Aim of the task =
Beneath this line is the data. Output exactly the lines from the line with "by (rule qqmat_eqI) simp" to the line with "unfolding trace_def sum_UNIV_2x2 by simp", both ends included, and nothing more.

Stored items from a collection
• • • • •
(* Let $\Gamma$ be a connected, undirected graph without loops on $n$ nodes with Laplacian $\mathbf L=\mathbf K-\mathbf A$, and let $\phi_1,\dots,\phi_n$ be an orthonormal basis of eigenvectors of $\mathbf L$ with $\mathbf L\phi_i=\mu_i\phi_i$. Let $$\mathbf G=\begin{bmatrix}\mathbf 0&\mathbf I\\-\mathbf I&-\mathbf L\end{bmatrix},\qquad \mathbf U=\mathbf G(\mathbf G^T\mathbf G)^{-1/2},$$ and set $\lambda_i^{P+}=\tfrac12\big[\sqrt{\mu_i^2+4}+\mu_i\big]$. Then $$\mathbf U=\begin{bmatrix}\mathcal A&\mathcal B\\-\mathcal B&\mathcal A\end{bmatrix},\qquad \mathcal A=\sum_{i=1}^n\frac{1-(\lambda_i^{P+})^2}{1+(\lambda_i^{P+})^2}\phi_i\phi_i^T,\quad \mathcal B=\sum_{i=1}^n\frac{2\lambda_i^{P+}}{1+(\lambda_i^{P+})^2}\phi_i\phi_i^T.$$
   Context: $\mathbf A$ is the adjacency matrix, $\mathbf K$ the diagonal degree matrix, $\mathbf I,\mathbf 0$ the $n\times n$ identity and zero matrices; $(\mathbf G^T\mathbf G)^{-1/2}$ is the inverse of the positive definite square root of $\mathbf G^T\mathbf G$, so $\mathbf U$ is the orthogonal factor in the polar decomposition of $\mathbf G$. *)

theory Defs
  imports "Jordan_Normal_Form.Matrix"
begin

definition adjacency_matrix :: "nat \<Rightarrow> real mat \<Rightarrow> bool" where
  "adjacency_matrix n A \<longleftrightarrow> A \<in> carrier_mat n n \<and>
     (\<forall>i<n. \<forall>j<n. A $$ (i,j) \<in> {0,1} \<and> A $$ (i,j) = A $$ (j,i)) \<and>
     (\<forall>i<n. A $$ (i,i) = 0)"

definition graph_connected :: "nat \<Rightarrow> real mat \<Rightarrow> bool" where
  "graph_connected n A \<longleftrightarrow>
     (\<forall>i<n. \<forall>j<n. (i,j) \<in> {(a,b). a < n \<and> b < n \<and> A $$ (a,b) = 1}\<^sup>*)"

definition degree_matrix :: "nat \<Rightarrow> real mat \<Rightarrow> real mat" where
  "degree_matrix n A = mat_diag n (\<lambda>i. \<Sum>k<n. A $$ (i,k))"

definition laplacian :: "nat \<Rightarrow> real mat \<Rightarrow> real mat" where
  "laplacian n A = degree_matrix n A - A"

definition mat_inv :: "real mat \<Rightarrow> real mat" where
  "mat_inv M = (THE B. B \<in> carrier_mat (dim_row M) (dim_row M) \<and> M * B = 1\<^sub>m (dim_row M)
                  \<and> B * M = 1\<^sub>m (dim_row M))"

definition pos_def_mat :: "nat \<Rightarrow> real mat \<Rightarrow> bool" where
  "pos_def_mat n S \<longleftrightarrow> S \<in> carrier_mat n n \<and> transpose_mat S = S \<and>
     (\<forall>x \<in> carrier_vec n. x \<noteq> 0\<^sub>v n \<longrightarrow> x \<bullet> (S *\<^sub>v x) > 0)"

definition pd_sqrt :: "real mat \<Rightarrow> real mat" where
  "pd_sqrt M = (THE S. pos_def_mat (dim_row M) S \<and> S * S = M)"

text \<open>Entries of the matrix  sum_{i<n} c_i phi_i phi_i^T.\<close>
definition outer_sum :: "nat \<Rightarrow> (nat \<Rightarrow> real) \<Rightarrow> (nat \<Rightarrow> real vec) \<Rightarrow> real mat" where
  "outer_sum n c phi = mat n n (\<lambda>(j,k). \<Sum>i<n. c i * ((phi i) $ j * (phi i) $ k))"

end

theory Submission
  imports Defs "Jordan_Normal_Form.Determinant"
begin

text \<open>In the orthonormal eigenbasis of \<open>L\<close> all matrices involved decompose into \<open>2 \<times> 2\<close> blocks,
one per eigenvalue \<open>\<mu>\<close>, and \<open>G\<close> acts on the block of \<open>\<mu>\<close> as \<open>[[0, 1], [-1, -\<mu>]]\<close>.
If \<open>\<lambda> > 0\<close> is the root of \<open>\<lambda>\<^sup>2 = \<mu> \<lambda> + 1\<close>, then \<open>a = (1 - \<lambda>\<^sup>2) / (1 + \<lambda>\<^sup>2)\<close> and
\<open>b = 2 \<lambda> / (1 + \<lambda>\<^sup>2)\<close> satisfy \<open>a\<^sup>2 + b\<^sup>2 = 1\<close>, \<open>b > 0\<close> and \<open>2 a + b \<mu> = 0\<close>, and the block
factors as the rotation \<open>[[a, b], [-b, a]]\<close> times \<open>S = [[b, -a], [-a, b - a \<mu>]]\<close>. This \<open>S\<close>
has determinant 1 and a Cholesky factor, so it is positive definite; by uniqueness of positive
definite square roots it is the square root of \<open>G\<^sup>T G\<close>, and \<open>U = G S\<^sup>-\<^sup>1\<close> is the rotation.\<close>

definition trace :: "'a :: comm_monoid_add mat \<Rightarrow> 'a" where
  "trace A = (\<Sum>i<dim_row A. A $$ (i,i))"

lemma trace_mult_comm:
  fixes A :: "'a :: comm_semiring_0 mat"
  assumes "A \<in> carrier_mat n m" "B \<in> carrier_mat m n"
  shows "trace (A * B) = trace (B * A)"
proof -
  have "trace (A * B) = (\<Sum>i<n. \<Sum>j<m. A $$ (i,j) * B $$ (j,i))"
    using assms by (simp add: trace_def scalar_prod_def lessThan_atLeast0)
  also have "\<dots> = (\<Sum>j<m. \<Sum>i<n. B $$ (j,i) * A $$ (i,j))"
    by (subst sum.swap) (simp add: mult.commute)
  also have "\<dots> = trace (B * A)"
    using assms by (simp add: trace_def scalar_prod_def lessThan_atLeast0)
  finally show ?thesis .
qed

lemma pos_def_mat_trace_congruence:
  assumes S: "pos_def_mat n S" and D: "D \<in> carrier_mat n n"
  shows "trace (transpose_mat D * S * D) \<ge> 0"
    and "D \<noteq> 0\<^sub>m n n \<Longrightarrow> trace (transpose_mat D * S * D) > 0"
proof -
  have Sc: "S \<in> carrier_mat n n" using S by (simp add: pos_def_mat_def)
  have col: "(transpose_mat D * S * D) $$ (k,k) = col D k \<bullet> (S *\<^sub>v col D k)" if "k < n" for k
    using that D Sc
    by (simp add: assoc_mult_mat[of _ n n _ n _ n] mult_mat_vec_def)
  have sum: "trace (transpose_mat D * S * D) = (\<Sum>k<n. col D k \<bullet> (S *\<^sub>v col D k))"
    using D Sc col by (simp add: trace_def)
  have ge: "col D k \<bullet> (S *\<^sub>v col D k) \<ge> 0" if "k < n" for k
  proof (cases "col D k = 0\<^sub>v n")
    case True
    then show ?thesis using Sc by simp
  next
    case False
    then show ?thesis using S D that unfolding pos_def_mat_def by (simp add: less_imp_le)
  qed
  show "trace (transpose_mat D * S * D) \<ge> 0"
    unfolding sum by (rule sum_nonneg) (use ge in auto)
  assume "D \<noteq> 0\<^sub>m n n"
  then obtain k where k: "k < n" "col D k \<noteq> 0\<^sub>v n"
  proof -
    have "\<exists>i<n. \<exists>k<n. D $$ (i,k) \<noteq> 0"
    proof (rule ccontr)
      assume "\<not> ?thesis"
      then have "D = 0\<^sub>m n n" using D by (auto intro!: eq_matI)
      with \<open>D \<noteq> 0\<^sub>m n n\<close> show False ..
    qed
    then show ?thesis using that D by (metis carrier_matD index_col index_zero_vec(1))
  qed
  have "col D k \<bullet> (S *\<^sub>v col D k) > 0"
    using S D k unfolding pos_def_mat_def by auto
  with ge k show "trace (transpose_mat D * S * D) > 0"
    unfolding sum by (intro sum_pos2[of "{..<n}" k]) auto
qed

lemma trace_add:
  assumes "A \<in> carrier_mat n n" "B \<in> carrier_mat n n"
  shows "trace (A + B) = trace A + trace B"
  using assms by (simp add: trace_def sum.distrib)
lemma qqmat_eqI:
  fixes A B :: qqmat
  assumes "\<forall>r\<in>{(0,0),(0,1),(1,0),(1,1)}. \<forall>s\<in>{(0,0),(0,1),(1,0),(1,1)}. A$r$s = B$r$s"
  shows "A = B"
  using assms unfolding vec_eq_iff UNIV_2x2_eq[symmetric] by blast

lemma xmat_diff:
  "xmat a b c d p q - xmat a' b' c' d' p' q' = xmat (a-a') (b-b') (c-c') (d-d') (p-p') (q-q')"
  by (rule qqmat_eqI) simp

lemma hs_norm2_xmat: "hs_norm2 (xmat a b c d p q) = a^2+b^2+c^2+d^2 + 2*(cmod p)^2 + 2*(cmod q)^2"
  unfolding hs_norm2_def sum_UNIV_2x2 by simp

lemma trace_xmat: "trace (xmat a b c d p q) = of_real (a+b+c+d)"
  unfolding trace_def sum_UNIV_2x2 by simp

lemma quad_form_xmat:
  "quad_form (xmat a b c d p q) v
    = herm2_form a d p (v$(0,0)) (v$(1,1)) + herm2_form b c q (v$(0,1)) (v$(1,0))"
  unfolding quad_form_def sum_UNIV_2x2 herm2_form_def by (simp add: algebra_simps)

lemma psd_xmat:
  assumes "a \<ge> 0" "b \<ge> 0" "c \<ge> 0" "d \<ge> 0" "(cmod p)^2 \<le> a*d" "(cmod q)^2 \<le> b*c"
  shows "psd (xmat a b c d p q)"
  unfolding psd_iff_quad_form quad_form_xmat
  using herm2_form_nonneg[of a d p] herm2_form_nonneg[of b c q] Im_herm2_form assms by simp

lemma X_state_xmat:
  assumes "a \<ge> 0" "b \<ge> 0" "c \<ge> 0" "d \<ge> 0" "(cmod p)^2 \<le> a*d" "(cmod q)^2 \<le> b*c"
    and "a+b+c+d = 1"
  shows "X_state (xmat a b c d p q)"
  unfolding X_state_def is_state_def
proof (intro conjI allI impI)
  show "psd (xmat a b c d p q)" using psd_xmat assms by simp
  show "trace (xmat a b c d p q) = 1" using assms by (simp add: trace_xmat)
  fix i j k l assume "xmat a b c d p q $ (i, j) $ (k, l) \<noteq> 0"
  then show "(k, l) = (i, j) \<or> (k, l) = (1 - i, 1 - j)"
    using exhaust_2_01[of i] exhaust_2_01[of j] exhaust_2_01[of k] exhaust_2_01[of l]
    by (elim disjE) (simp_all add: xmat_def)
qed

lemma X_stateE:
  assumes "X_state \<rho>"
  obtains a b c d p q where "\<rho> = xmat a b c d p q" "a \<ge> 0" "b \<ge> 0" "c \<ge> 0" "d \<ge> 0"
    "a+b+c+d = 1" "(cmod p)^2 \<le> a*d" "(cmod q)^2 \<le> b*c"
proof -
  have ps: "psd \<rho>" and tr: "trace \<rho> = 1"
    and z: "\<And>i j k l. \<rho>$(i,j)$(k,l) \<noteq> 0 \<Longrightarrow> (k,l) = (i,j) \<or> (k,l) = (1-i,1-j)"
    using assms unfolding X_state_def is_state_def by blast+
  have n1: "((0::2),(0::2)) \<noteq> (1,1)" "((0::2),(1::2)) \<noteq> (1,0)" by simp_all
  note e1 = psd_2x2_minor[OF ps n1(1)] and e2 = psd_2x2_minor[OF ps n1(2)]
    and e3 = psd_2x2_minor[OF ps n1(1)[symmetric]] and e4 = psd_2x2_minor[OF ps n1(2)[symmetric]]
  define a where "a = Re (\<rho>$(0,0)$(0,0))"
  define b where "b = Re (\<rho>$(0,1)$(0,1))"
  define c where "c = Re (\<rho>$(1,0)$(1,0))"
  define d where "d = Re (\<rho>$(1,1)$(1,1))"
  define p where "p = \<rho>$(0,0)$(1,1)"
  define q where "q = \<rho>$(0,1)$(1,0)"
  have zz: "\<rho>$(i,j)$(k,l) = 0" if "(k,l) \<noteq> (i,j)" "(k,l) \<noteq> (1-i,1-j)" for i j k l
    using z[of i j k l] that by blast
  have eq: "\<rho> = xmat a b c d p q"
  proof (rule qqmat_eqI)
    show "\<forall>r\<in>{(0,0),(0,1),(1,0),(1,1)}. \<forall>s\<in>{(0,0),(0,1),(1,0),(1,1)}.
        \<rho>$r$s = xmat a b c d p q $ r $ s"
      using e1 e2 e3 e4 zz[of 0 0 0 1] zz[of 0 0 1 0] zz[of 0 1 0 0] zz[of 0 1 1 1]
        zz[of 1 0 0 0] zz[of 1 0 1 1] zz[of 1 1 0 1] zz[of 1 1 1 0]
      by (simp add: a_def b_def c_def d_def p_def q_def complex_eq_iff)
  qed
  have "a+b+c+d = 1" using tr unfolding eq trace_xmat by (metis of_real_eq_1_iff)
  moreover have "(cmod p)^2 \<le> a*d" "(cmod q)^2 \<le> b*c"
    using e1 e2 by (simp_all add: a_def b_def c_def d_def p_def q_def)
  moreover have "a \<ge> 0" "b \<ge> 0" "c \<ge> 0" "d \<ge> 0" using e1 e2 e3 e4
    by (simp_all add: a_def b_def c_def d_def)
  ultimately show ?thesis using that eq by blast
qed

lemma separable_xmat_minors:
  assumes "separable (xmat a b c d p q)"
  shows "(cmod p)^2 \<le> b*c" "(cmod q)^2 \<le> a*d"
  using separable_partial_transpose_minor[OF assms, of 0 1 0 1]
    separable_partial_transpose_minor[OF assms, of 0 1 1 0]
  by simp_all

lemma quarter_le_of_one_le_8_sq:
  fixes u :: real
  assumes "0 \<le> u" and "1 \<le> 8 * u^2"
  shows "1/4 \<le> u"
proof (rule ccontr)
  assume "\<not> 1/4 \<le> u"
  then have "u^2 \<le> (1/4)^2" using assms(1) by (intro power_mono) simp_all
  then show False using assms(2) by (simp add: power_divide)
qed

lemma sq_add_le_of_sq_le:
  fixes \<alpha> \<beta> A B R :: real
  assumes \<alpha>: "\<alpha>^2 \<le> A" and \<beta>: "\<beta>^2 \<le> B" and R: "0 \<le> R" "4*A*B \<le> R^2"
  shows "(\<alpha>+\<beta>)^2 \<le> A + B + R"
    and "(\<alpha>+\<beta>)^2 = A + B + R \<Longrightarrow> \<alpha>^2 = A \<and> \<beta>^2 = B"
proof -
  have "A \<ge> 0" using \<alpha> by (meson order_trans zero_le_power2)
  have "(2*\<bar>\<alpha>\<bar>*\<bar>\<beta>\<bar>)^2 = 4*\<alpha>^2*\<beta>^2" by (simp add: power_mult_distrib)
  also have "\<dots> \<le> 4*A*B" using mult_mono[OF \<alpha> \<beta> \<open>A \<ge> 0\<close> zero_le_power2] by simp
  also have "\<dots> \<le> R^2" by (rule R(2))
  finally have "2*\<bar>\<alpha>\<bar>*\<bar>\<beta>\<bar> \<le> R" using R(1) by (meson abs_ge_zero power2_le_imp_le)
  moreover have "(\<alpha>+\<beta>)^2 \<le> \<alpha>^2 + \<beta>^2 + 2*\<bar>\<alpha>\<bar>*\<bar>\<beta>\<bar>"
  proof -
    have "\<alpha>*\<beta> \<le> \<bar>\<alpha>\<bar>*\<bar>\<beta>\<bar>" by (metis abs_ge_self abs_mult)
    then show ?thesis by (simp add: power2_eq_square algebra_simps)
  qed
  ultimately show "(\<alpha>+\<beta>)^2 \<le> A + B + R" and "(\<alpha>+\<beta>)^2 = A + B + R \<Longrightarrow> \<alpha>^2 = A \<and> \<beta>^2 = B"
    using \<alpha> \<beta> by linarith+
qed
• • • • •
Your solution =
  by (rule qqmat_eqI) simp

lemma hs_norm2_xmat: "hs_norm2 (xmat a b c d p q) = a^2+b^2+c^2+d^2 + 2*(cmod p)^2 + 2*(cmod q)^2"
  unfolding hs_norm2_def sum_UNIV_2x2 by simp

lemma trace_xmat: "trace (xmat a b c d p q) = of_real (a+b+c+d)"
  unfolding trace_def sum_UNIV_2x2 by simp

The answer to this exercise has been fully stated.